I had been less familiar with the prison abolition movement than I was with the prison reform movements, but the more I researched (and continue to research) the concept, the more I find merit to the idea. The prison system in conjunction with the Thirteenth Amendment has been used as a means of institutionalized modern slavery for black and brown men and women and the cost it inflicts on families and communities is generational.

Obviously, Aaron is not a person of color, and to make him the victim of the horrors of prison was an intentional choice. Like it or not (and I don’t), white readers tend to pay greater attention to white characters.
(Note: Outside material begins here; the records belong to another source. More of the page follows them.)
lemma (in field) coeffs_zero_if_roots_ge_length:
  assumes cs: "set cs \<subseteq> carrier R" and A: "A \<subseteq> carrier R" "finite A"
    and len: "length cs \<le> card A" and roots: "\<forall>x\<in>A. eval cs x = \<zero>"
  shows "set cs \<subseteq> {\<zero>}"
proof (rule ccontr)
  assume nonzero: "\<not> set cs \<subseteq> {\<zero>}"
  define P where "P = normalize cs"
  have "P \<noteq> []"
    using normalize_eq_Nil_imp_zero nonzero unfolding P_def by blast
  have P: "P \<in> carrier (poly_ring R)"
    using normalize_gives_polynomial[OF cs] univ_poly_carrier unfolding P_def by blast
  have "A \<subseteq> {x. is_root P x}"
    using roots A \<open>P \<noteq> []\<close> eval_normalize[OF cs] unfolding P_def by (auto simp: is_root_def)
  then have "card A \<le> card {x. is_root P x}"
    using finite_number_of_roots[OF P] card_mono by blast
  also have "{x. is_root P x} = set_mset (roots P)"
    using roots_mem_iff_is_root[OF P] by auto
  also have "card (set_mset (roots P)) \<le> size (roots P)"
    by (rule card_set_mset_le_size)
  also have "\<dots> \<le> degree P"
    by (rule size_roots_le_degree[OF P])
  also have "\<dots> < length cs"
    using \<open>P \<noteq> []\<close> normalize_length_le[of cs] unfolding P_def by (cases "normalize cs") auto
  finally show False
    using len by simp
qed

lemma (in cring) eval_map2_minus:
  assumes "length cs = length ds" "set cs \<subseteq> carrier R" "set ds \<subseteq> carrier R" "x \<in> carrier R"
  shows "eval (map2 (\<lambda>a b. a \<ominus> b) cs ds) x = eval cs x \<ominus> eval ds x"
  using assms
proof (induction cs ds rule: list_induct2)
  case (Cons a cs b ds)
  have "eval cs x \<in> carrier R" "eval ds x \<in> carrier R" "x [^] length ds \<in> carrier R"
    using Cons eval_in_carrier by auto
  then show ?case
    using Cons by (simp add: a_minus_def l_distr l_minus minus_add a_ac)
qed (simp add: a_minus_def)

lemma (in field) eq_if_eval_eq_on_card_ge_length:
  assumes cs: "set cs \<subseteq> carrier R" and ds: "set ds \<subseteq> carrier R"
    and len: "length cs = length ds" "length cs \<le> card A"
    and A: "A \<subseteq> carrier R" "finite A" and agree: "\<forall>x\<in>A. eval cs x = eval ds x"
  shows "cs = ds"
proof -
  define D where "D = map2 (\<lambda>a b. a \<ominus> b) cs ds"
  have D: "set D \<subseteq> carrier R"
    unfolding D_def using cs ds by (auto simp: set_zip intro!: minus_closed)
  have "set D \<subseteq> {\<zero>}"
    using D A len agree eval_map2_minus[OF len(1) cs ds] eval_in_carrier[OF ds]
    by (intro coeffs_zero_if_roots_ge_length) (auto simp: D_def subset_iff)
  then have "cs ! i \<ominus> ds ! i = \<zero>" if "i < length cs" for i
    using that len unfolding D_def by (auto simp: set_conv_nth)
  then have "cs ! i = ds ! i" if "i < length cs" for i
    using that cs ds len by (metis nth_mem r_right_minus_eq subsetD)
  then show ?thesis
    using len by (simp add: nth_equalityI)
qed

lemma (in field) card_eval_agreements_less_length:
  assumes cs: "set cs \<subseteq> carrier R" and ds: "set ds \<subseteq> carrier R"
    and "length cs = length ds" "cs \<noteq> ds"
    and h: "inj_on h I" "h ` I \<subseteq> carrier R" and "finite I"
  shows "card {i \<in> I. eval cs (h i) = eval ds (h i)} < length cs"
proof (rule ccontr)
  define J where "J = {i \<in> I. eval cs (h i) = eval ds (h i)}"
  assume "\<not> card J < length cs"
  moreover have "card (h ` J) = card J"
    unfolding J_def by (rule card_image, rule inj_on_subset[OF h(1)]) auto
  ultimately have "length cs \<le> card (h ` J)"
    by simp
  then have "cs = ds"
    using assms by (intro eq_if_eval_eq_on_card_ge_length[of cs ds "h ` J"]) (auto simp: J_def)
  with \<open>cs \<noteq> ds\<close> show False ..
qed

definition agreement_less :: "nat \<Rightarrow> nat \<Rightarrow> (nat \<Rightarrow> nat) set \<Rightarrow> bool" where
  "agreement_less n k F \<longleftrightarrow> (\<forall>x\<in>F. \<forall>y\<in>F. x \<noteq> y \<longrightarrow> card {i \<in> {1..n}. x i = y i} < k)"

lemma (in field) reed_solomon_code:
  assumes S: "subring S R" "finite S" "card S = q" and "n \<le> q" "k \<le> n"
  shows "\<exists>F \<subseteq> qcube q n. card F = q ^ k \<and> agreement_less n k F"
proof -
  obtain h where h: "bij_betw h {1..q} S"
    using ex_bij_betw_nat_finite_1[OF S(2)] S(3) by auto
  have h_inj: "inj_on h {1..n}"
    using h \<open>n \<le> q\<close> by (auto simp: bij_betw_def intro: inj_on_subset)
  have h_S: "h i \<in> S" if "i \<in> {1..n}" for i
    using h \<open>n \<le> q\<close> that by (auto simp: bij_betw_def)
  define label where "label = inv_into {1..q} h"
  have label: "bij_betw label S {1..q}"
    unfolding label_def using h by (rule bij_betw_inv_into)
  have eval_S: "eval cs x \<in> S" if "set cs \<subseteq> S" "x \<in> S" for cs x
    using ring.eval_in_carrier[OF subring_is_ring[OF S(1)]] that S(1) by simp
  define Cs where "Cs = {cs. set cs \<subseteq> S \<and> length cs = k}"
  define word where "word cs = restrict (\<lambda>i. label (eval cs (h i))) {1..n}" for cs
  have eval_h_S: "eval cs (h i) \<in> S" if "cs \<in> Cs" "i \<in> {1..n}" for cs i
    using eval_S[of cs "h i"] h_S that unfolding Cs_def by auto
  have agreements: "{i \<in> {1..n}. word cs i = word ds i} = {i \<in> {1..n}. eval cs (h i) = eval ds (h i)}"
    if "cs \<in> Cs" "ds \<in> Cs" for cs ds
    using eval_h_S[OF that(1)] eval_h_S[OF that(2)] bij_betw_imp_inj_on[OF label]
    unfolding word_def by (auto simp: inj_on_eq_iff)
  have few_agreements: "card {i \<in> {1..n}. word cs i = word ds i} < k"
    if cs: "cs \<in> Cs" and ds: "ds \<in> Cs" and "cs \<noteq> ds" for cs ds
  proof -
    have "h ` {1..n} \<subseteq> carrier R"
      using h_S subringE(1)[OF S(1)] by blast
    moreover have "set cs \<subseteq> carrier R" "set ds \<subseteq> carrier R" "length cs = k" "length ds = k"
      using cs ds subringE(1)[OF S(1)] unfolding Cs_def by auto
    ultimately show ?thesis
      unfolding agreements[OF cs ds]
      using card_eval_agreements_less_length[of cs ds h "{1..n}"] h_inj \<open>cs \<noteq> ds\<close> by simp
  qed
  have "word ` Cs \<subseteq> qcube q n"
    using eval_h_S bij_betw_apply[OF label] unfolding word_def qcube_def by auto
  moreover have "card (word ` Cs) = q ^ k"
  proof -
    have "inj_on word Cs"
    proof (rule inj_onI, rule ccontr)
      fix cs ds
      assume "cs \<in> Cs" "ds \<in> Cs" "word cs = word ds" "cs \<noteq> ds"
      then have "card {i \<in> {1..n}. word cs i = word ds i} < k"
        using few_agreements by blast
      moreover have "{i \<in> {1..n}. word cs i = word ds i} = {1..n}"
        using \<open>word cs = word ds\<close> by auto
      ultimately show False
        using \<open>k \<le> n\<close> by simp
    qed
    then show ?thesis
      using card_image card_lists_length_eq[OF S(2)] S(3) unfolding Cs_def by metis
  qed
  moreover have "agreement_less n k (word ` Cs)"
    unfolding agreement_less_def using few_agreements by blast
  ultimately show ?thesis
    by blast
qed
Because I wanted this novel to spark conversation with people outside of the echo chamber, I felt it necessary to make that choice.

Three-Fifths is the inaugural title on Agora, an imprint of Polis Books dedicated to diverse crime fiction. That’s quite an honor. Now, your novel has been nominated for an Edgar. Congratulations! I wondered if you could talk about how that feels. 

Vercher: As cliché as it might sound, the experience has been wholly surreal. I truly thought this book would sit in my hard drive, never to see the light of day. The fact that it was even published was a dream come true, but to be selected to lead off the launch of a new imprint devoted to diversity in fiction was something I never envisioned.

Each step of the journey, from the reader and trade reviews to the Edgar nomination (I still haven’t fully processed that) has left me in successive states of incredulity and gratitude.

I was at a local signing and got the opportunity to speak to a gentleman who had just walked in and stopped by the table to see who I was and what the book was about. We got to talking about his young daughter (whose mother was white) and was already beginning to have questions about her hair.

We talked a great deal about identity and how our struggle to find it shapes us. The conversation lasted more than ten minutes and we were both a little misty by the end of it. Without having been given the opportunity to publish this book, that conversation might never happened, and it’s now a moment I’ll never forget.